» ENTRIES SUPPLIED

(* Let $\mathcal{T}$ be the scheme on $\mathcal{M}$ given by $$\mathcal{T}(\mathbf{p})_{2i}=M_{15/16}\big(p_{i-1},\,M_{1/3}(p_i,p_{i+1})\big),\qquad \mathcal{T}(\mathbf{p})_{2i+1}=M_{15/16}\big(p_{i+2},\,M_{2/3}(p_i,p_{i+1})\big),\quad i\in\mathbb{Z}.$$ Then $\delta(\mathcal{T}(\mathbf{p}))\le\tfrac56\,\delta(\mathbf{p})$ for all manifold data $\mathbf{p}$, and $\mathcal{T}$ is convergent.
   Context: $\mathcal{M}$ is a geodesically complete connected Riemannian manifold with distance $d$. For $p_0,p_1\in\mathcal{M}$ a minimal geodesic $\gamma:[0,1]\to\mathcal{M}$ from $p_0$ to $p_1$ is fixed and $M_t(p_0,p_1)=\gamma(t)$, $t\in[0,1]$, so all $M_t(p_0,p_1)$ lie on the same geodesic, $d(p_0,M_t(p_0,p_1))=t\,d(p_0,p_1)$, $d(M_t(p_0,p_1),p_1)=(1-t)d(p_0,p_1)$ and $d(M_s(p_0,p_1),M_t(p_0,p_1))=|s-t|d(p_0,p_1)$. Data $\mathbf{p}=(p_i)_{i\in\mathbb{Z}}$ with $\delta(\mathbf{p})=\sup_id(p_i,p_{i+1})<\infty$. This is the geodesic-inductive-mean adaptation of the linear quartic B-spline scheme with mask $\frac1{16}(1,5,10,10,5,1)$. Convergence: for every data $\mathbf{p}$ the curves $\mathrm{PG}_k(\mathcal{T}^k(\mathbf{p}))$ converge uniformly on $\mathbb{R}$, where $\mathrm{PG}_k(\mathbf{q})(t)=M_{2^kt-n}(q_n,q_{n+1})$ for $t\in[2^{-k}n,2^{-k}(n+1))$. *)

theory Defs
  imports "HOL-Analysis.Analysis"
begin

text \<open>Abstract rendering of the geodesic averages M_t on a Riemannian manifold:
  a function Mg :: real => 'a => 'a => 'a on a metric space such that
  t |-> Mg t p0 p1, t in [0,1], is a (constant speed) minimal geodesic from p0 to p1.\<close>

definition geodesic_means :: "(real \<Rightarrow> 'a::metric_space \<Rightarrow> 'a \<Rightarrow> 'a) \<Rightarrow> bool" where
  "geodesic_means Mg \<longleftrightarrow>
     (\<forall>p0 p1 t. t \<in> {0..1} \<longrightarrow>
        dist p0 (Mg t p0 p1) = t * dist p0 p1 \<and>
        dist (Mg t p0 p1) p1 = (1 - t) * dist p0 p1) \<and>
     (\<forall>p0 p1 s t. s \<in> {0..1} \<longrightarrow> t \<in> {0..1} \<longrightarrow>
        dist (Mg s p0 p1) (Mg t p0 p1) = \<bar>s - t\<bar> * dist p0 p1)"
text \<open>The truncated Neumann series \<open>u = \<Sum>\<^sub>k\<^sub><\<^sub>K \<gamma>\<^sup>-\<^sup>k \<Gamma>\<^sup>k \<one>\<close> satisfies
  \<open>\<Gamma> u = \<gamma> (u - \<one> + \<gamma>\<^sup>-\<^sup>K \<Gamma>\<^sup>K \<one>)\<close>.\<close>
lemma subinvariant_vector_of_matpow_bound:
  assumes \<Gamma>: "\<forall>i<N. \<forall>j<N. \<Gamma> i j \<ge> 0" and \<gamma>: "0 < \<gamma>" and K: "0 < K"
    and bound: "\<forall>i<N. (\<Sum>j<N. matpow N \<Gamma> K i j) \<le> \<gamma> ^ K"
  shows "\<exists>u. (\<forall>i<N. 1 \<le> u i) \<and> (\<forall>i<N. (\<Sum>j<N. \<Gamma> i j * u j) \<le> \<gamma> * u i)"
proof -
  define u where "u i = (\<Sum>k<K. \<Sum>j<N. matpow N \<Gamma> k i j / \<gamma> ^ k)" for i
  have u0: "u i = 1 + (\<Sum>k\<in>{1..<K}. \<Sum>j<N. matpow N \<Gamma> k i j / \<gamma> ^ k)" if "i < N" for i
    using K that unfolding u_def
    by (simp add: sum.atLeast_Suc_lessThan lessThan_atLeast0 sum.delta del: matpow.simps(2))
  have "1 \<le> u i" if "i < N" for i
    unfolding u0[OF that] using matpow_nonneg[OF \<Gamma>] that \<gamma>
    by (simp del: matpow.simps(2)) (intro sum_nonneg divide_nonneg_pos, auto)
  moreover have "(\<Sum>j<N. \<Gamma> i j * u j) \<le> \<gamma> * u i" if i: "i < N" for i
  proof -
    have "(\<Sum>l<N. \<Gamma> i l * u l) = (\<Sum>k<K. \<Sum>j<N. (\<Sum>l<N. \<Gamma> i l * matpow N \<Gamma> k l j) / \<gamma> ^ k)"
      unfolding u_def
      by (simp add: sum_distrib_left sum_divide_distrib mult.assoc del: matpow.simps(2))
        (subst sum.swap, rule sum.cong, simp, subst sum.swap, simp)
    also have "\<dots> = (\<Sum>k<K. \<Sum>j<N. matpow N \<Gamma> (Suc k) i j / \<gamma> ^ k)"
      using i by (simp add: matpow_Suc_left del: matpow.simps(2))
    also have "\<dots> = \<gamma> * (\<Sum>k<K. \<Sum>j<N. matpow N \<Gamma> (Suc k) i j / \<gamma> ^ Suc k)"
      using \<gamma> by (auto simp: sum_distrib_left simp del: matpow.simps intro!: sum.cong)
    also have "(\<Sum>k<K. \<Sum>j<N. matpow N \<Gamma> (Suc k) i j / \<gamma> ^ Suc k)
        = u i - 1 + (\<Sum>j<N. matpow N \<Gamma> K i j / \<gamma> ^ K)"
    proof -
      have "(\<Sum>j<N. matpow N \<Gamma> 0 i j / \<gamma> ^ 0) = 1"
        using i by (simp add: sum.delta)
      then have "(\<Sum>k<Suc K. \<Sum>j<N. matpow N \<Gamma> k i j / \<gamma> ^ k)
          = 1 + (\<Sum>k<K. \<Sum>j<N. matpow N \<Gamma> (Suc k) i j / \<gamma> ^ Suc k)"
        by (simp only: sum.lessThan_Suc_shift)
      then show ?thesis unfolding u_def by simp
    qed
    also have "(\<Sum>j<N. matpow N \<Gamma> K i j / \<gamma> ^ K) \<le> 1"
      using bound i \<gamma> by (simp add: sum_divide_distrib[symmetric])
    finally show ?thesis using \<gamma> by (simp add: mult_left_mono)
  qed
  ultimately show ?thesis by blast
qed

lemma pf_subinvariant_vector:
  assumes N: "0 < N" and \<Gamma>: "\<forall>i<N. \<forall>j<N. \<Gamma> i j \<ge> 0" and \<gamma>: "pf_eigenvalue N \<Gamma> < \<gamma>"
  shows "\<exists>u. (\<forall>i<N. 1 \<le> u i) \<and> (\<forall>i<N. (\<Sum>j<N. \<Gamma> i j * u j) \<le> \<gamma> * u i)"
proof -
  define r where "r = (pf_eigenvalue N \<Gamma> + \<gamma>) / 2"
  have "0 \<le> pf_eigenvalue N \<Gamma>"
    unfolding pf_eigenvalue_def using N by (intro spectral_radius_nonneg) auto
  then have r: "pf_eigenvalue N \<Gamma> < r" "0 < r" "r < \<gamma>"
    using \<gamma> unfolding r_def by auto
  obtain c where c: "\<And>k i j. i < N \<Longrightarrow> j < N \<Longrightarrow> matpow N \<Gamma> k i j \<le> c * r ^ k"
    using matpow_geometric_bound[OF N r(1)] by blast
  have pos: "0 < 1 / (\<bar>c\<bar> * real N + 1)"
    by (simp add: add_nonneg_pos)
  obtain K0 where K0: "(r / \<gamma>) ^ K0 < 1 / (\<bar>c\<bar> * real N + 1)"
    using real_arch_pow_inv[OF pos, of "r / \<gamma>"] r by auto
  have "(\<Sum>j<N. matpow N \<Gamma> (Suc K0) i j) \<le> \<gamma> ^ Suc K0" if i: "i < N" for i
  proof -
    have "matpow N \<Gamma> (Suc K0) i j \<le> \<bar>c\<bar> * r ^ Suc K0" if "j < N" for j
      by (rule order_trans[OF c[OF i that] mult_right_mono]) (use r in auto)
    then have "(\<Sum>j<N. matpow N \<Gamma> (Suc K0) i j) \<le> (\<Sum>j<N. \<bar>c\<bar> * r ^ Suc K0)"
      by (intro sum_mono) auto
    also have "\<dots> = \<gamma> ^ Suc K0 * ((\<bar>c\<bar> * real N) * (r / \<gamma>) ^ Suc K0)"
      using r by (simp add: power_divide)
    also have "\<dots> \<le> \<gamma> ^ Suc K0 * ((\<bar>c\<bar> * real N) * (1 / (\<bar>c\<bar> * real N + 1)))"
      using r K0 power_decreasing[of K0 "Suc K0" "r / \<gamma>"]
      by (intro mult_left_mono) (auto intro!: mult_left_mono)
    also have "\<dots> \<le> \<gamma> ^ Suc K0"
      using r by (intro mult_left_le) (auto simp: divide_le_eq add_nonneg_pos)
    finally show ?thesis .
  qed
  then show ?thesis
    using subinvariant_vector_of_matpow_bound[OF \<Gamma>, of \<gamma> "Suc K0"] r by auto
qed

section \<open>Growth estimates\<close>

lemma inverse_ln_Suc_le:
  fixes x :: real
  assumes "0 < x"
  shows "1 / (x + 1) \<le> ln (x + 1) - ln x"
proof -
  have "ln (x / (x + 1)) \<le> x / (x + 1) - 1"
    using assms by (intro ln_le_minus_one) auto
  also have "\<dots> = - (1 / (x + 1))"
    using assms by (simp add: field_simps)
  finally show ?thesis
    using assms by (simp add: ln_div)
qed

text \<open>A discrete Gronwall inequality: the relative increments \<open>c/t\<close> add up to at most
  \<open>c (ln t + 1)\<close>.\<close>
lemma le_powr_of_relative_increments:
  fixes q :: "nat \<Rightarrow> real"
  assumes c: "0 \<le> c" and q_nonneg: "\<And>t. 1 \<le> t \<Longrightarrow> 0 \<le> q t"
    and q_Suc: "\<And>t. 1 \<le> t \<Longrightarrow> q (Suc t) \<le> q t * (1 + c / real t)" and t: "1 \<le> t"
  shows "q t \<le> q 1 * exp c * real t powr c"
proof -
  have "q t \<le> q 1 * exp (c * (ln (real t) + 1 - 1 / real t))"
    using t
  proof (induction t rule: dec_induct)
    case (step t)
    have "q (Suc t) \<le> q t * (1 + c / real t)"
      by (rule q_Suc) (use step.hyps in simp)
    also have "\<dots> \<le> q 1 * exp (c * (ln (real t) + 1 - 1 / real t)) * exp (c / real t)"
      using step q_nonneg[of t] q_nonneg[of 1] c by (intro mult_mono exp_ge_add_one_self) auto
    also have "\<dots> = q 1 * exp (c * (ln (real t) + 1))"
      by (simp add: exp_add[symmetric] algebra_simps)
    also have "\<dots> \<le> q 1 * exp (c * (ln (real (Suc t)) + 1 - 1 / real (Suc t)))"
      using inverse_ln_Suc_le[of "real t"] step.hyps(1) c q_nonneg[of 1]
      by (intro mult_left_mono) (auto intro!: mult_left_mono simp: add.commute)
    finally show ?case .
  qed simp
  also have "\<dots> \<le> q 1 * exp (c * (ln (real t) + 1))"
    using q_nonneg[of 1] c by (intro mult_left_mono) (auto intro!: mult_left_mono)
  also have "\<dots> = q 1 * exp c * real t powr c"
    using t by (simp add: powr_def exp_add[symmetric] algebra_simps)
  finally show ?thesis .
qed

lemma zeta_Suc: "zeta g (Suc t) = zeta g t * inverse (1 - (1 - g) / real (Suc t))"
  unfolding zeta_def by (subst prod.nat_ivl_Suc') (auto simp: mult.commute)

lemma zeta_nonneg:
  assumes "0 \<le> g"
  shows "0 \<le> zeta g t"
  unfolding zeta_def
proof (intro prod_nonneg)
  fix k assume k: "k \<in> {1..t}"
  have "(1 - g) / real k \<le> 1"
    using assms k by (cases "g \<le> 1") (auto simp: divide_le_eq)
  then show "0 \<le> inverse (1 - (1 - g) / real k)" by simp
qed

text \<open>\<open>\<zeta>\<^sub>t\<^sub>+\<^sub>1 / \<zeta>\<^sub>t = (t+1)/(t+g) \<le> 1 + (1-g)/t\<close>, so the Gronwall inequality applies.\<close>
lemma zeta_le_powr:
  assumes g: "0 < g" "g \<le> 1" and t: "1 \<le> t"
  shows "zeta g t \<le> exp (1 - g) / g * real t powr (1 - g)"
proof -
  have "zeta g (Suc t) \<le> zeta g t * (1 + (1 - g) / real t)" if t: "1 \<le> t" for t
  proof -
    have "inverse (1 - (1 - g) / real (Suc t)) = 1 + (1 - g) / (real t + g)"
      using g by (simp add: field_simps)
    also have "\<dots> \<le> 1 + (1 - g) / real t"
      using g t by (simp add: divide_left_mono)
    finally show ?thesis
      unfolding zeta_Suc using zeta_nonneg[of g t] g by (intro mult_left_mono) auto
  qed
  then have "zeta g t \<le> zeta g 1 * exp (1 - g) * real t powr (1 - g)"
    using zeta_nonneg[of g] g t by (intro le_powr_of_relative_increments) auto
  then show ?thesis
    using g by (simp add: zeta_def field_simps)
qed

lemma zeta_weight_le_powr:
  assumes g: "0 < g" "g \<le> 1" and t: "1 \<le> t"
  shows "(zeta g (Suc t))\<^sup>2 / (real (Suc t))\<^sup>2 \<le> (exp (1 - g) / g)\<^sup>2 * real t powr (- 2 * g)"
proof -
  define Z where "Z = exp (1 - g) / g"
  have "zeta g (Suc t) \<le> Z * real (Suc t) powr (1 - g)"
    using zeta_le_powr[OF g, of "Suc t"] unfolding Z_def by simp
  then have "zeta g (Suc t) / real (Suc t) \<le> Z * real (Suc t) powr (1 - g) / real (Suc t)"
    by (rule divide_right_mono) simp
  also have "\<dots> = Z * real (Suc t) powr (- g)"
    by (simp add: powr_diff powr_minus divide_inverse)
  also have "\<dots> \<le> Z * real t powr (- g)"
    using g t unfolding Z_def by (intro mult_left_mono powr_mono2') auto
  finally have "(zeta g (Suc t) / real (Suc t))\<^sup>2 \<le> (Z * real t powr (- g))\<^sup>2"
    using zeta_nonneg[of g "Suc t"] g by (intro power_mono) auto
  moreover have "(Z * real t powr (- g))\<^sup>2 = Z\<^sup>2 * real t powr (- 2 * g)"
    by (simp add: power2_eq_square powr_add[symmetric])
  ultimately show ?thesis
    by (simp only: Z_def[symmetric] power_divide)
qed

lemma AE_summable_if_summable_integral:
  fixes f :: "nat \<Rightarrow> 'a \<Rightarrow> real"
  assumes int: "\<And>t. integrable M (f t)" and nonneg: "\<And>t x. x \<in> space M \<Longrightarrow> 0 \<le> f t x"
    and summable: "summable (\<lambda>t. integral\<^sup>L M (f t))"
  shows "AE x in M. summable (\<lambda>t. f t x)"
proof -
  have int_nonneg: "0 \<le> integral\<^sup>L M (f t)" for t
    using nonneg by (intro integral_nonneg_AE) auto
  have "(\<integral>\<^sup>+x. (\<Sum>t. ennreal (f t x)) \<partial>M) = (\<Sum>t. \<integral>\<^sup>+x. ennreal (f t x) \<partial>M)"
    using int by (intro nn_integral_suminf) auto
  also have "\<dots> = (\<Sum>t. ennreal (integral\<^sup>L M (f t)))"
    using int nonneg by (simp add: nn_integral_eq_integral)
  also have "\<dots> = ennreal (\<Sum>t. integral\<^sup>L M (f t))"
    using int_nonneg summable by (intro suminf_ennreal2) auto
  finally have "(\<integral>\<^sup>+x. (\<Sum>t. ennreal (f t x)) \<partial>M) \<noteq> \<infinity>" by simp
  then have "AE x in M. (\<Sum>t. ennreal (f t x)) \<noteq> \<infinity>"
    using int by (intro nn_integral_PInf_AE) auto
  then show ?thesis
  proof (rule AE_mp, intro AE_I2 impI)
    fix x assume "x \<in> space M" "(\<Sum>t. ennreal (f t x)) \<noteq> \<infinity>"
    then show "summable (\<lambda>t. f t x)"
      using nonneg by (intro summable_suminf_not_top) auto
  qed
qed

» REQUIRED WORK
Every line of the entries above that includes "minimal" should be copied.

» SOLUTION
   Context: $\mathcal{M}$ is a geodesically complete connected Riemannian manifold with distance $d$. For $p_0,p_1\in\mathcal{M}$ a minimal geodesic $\gamma:[0,1]\to\mathcal{M}$ from $p_0$ to $p_1$ is fixed and $M_t(p_0,p_1)=\gamma(t)$, $t\in[0,1]$, so all $M_t(p_0,p_1)$ lie on the same geodesic, $d(p_0,M_t(p_0,p_1))=t\,d(p_0,p_1)$, $d(M_t(p_0,p_1),p_1)=(1-t)d(p_0,p_1)$ and $d(M_s(p_0,p_1),M_t(p_0,p_1))=|s-t|d(p_0,p_1)$. Data $\mathbf{p}=(p_i)_{i\in\mathbb{Z}}$ with $\delta(\mathbf{p})=\sup_id(p_i,p_{i+1})<\infty$. This is the geodesic-inductive-mean adaptation of the linear quartic B-spline scheme with mask $\frac1{16}(1,5,10,10,5,1)$. Convergence: for every data $\mathbf{p}$ the curves $\mathrm{PG}_k(\mathcal{T}^k(\mathbf{p}))$ converge uniformly on $\mathbb{R}$, where $\mathrm{PG}_k(\mathbf{q})(t)=M_{2^kt-n}(q_n,q_{n+1})$ for $t\in[2^{-k}n,2^{-k}(n+1))$. *)
  t |-> Mg t p0 p1, t in [0,1], is a (constant speed) minimal geodesic from p0 to p1.\<close>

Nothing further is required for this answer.